Problem details: Exactly transcribe the line that holds "(* Points of" and every remaining line of the records, up to and including the final one, with nothing else.

Saved data entries
::::::::::
(* Let $P=\{p_1,\dots,p_n\}$ be weighted points in $\mathbb{R}^2$ with total weight $1$, let $S=\{s_1,\dots,s_m\}$ be line segments in $\mathbb{R}^2$ of total length $1$, and let $0<\delta\le\frac14$. Let $\tau$ be the transport plan produced by the construction described in the context, and let $\tau^*$ be an optimal transport plan between $P$ and $S$. Then $\|\tau\|\le(1+17\delta)\|\tau^*\|$.
   Context: Each segment's mass equals its length and is spread uniformly over it (density one). A transport plan from $P$ to $S$ assigns to each $p\in P$ and each point $x$ on the segments a density $\tau_p(x)\in[0,1]$ such that each $p$ sends total mass $\|p\|$ (its weight) and each point $x$ receives total density $1$; its cost is $\|\tau\|=\sum_p\int\tau_p(x)\,\|p-x\|_2\,dx$, and $\|\tau^*\|$ is the minimum cost (earth mover's distance). Construction: (1) Subdivide $S$: repeatedly, for each current subsegment $s'$, if some point of $P$ has all of $s'$ within Euclidean distance $\delta/(nm)$, leave $s'$; otherwise, if some $p\in P$ has ratio of largest to smallest distance from $p$ to points of $s'$ exceeding $1+\delta$, cut $s'$ in half. Call the resulting subsegments $Q$. (2) Choose an arbitrary point on each $q\in Q$ with weight equal to the length of $q$; call this weighted point set $T$. (3) Compute an optimal transport plan $\nu$ between the weighted point sets $P$ and $T$ (Euclidean distances). (4) Obtain $\tau$ by spreading the mass that $\nu$ sends to each point $t\in T$ uniformly over the subsegment $q\in Q$ from which $t$ was chosen. *)

theory Defs
  imports "HOL-Analysis.Analysis"
begin

(* Points of P: p i (i < n) with weight w i.  Segments of S: s_j = closed_segment (a j) (b j),
   j < m, parametrised by  seg a b j t = a j + t (b j - a j),  t in [0,1]; a point at parameter t
   carries length density dist (a j) (b j) dt. *)

definition seg :: "(nat \<Rightarrow> real^2) \<Rightarrow> (nat \<Rightarrow> real^2) \<Rightarrow> nat \<Rightarrow> real \<Rightarrow> real^2" where
  "seg a b j t = a j + t *\<^sub>R (b j - a j)"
::::::::::
Answer:
(* Points of P: p i (i < n) with weight w i.  Segments of S: s_j = closed_segment (a j) (b j),
   j < m, parametrised by  seg a b j t = a j + t (b j - a j),  t in [0,1]; a point at parameter t
   carries length density dist (a j) (b j) dt. *)

definition seg :: "(nat \<Rightarrow> real^2) \<Rightarrow> (nat \<Rightarrow> real^2) \<Rightarrow> nat \<Rightarrow> real \<Rightarrow> real^2" where
  "seg a b j t = a j + t *\<^sub>R (b j - a j)"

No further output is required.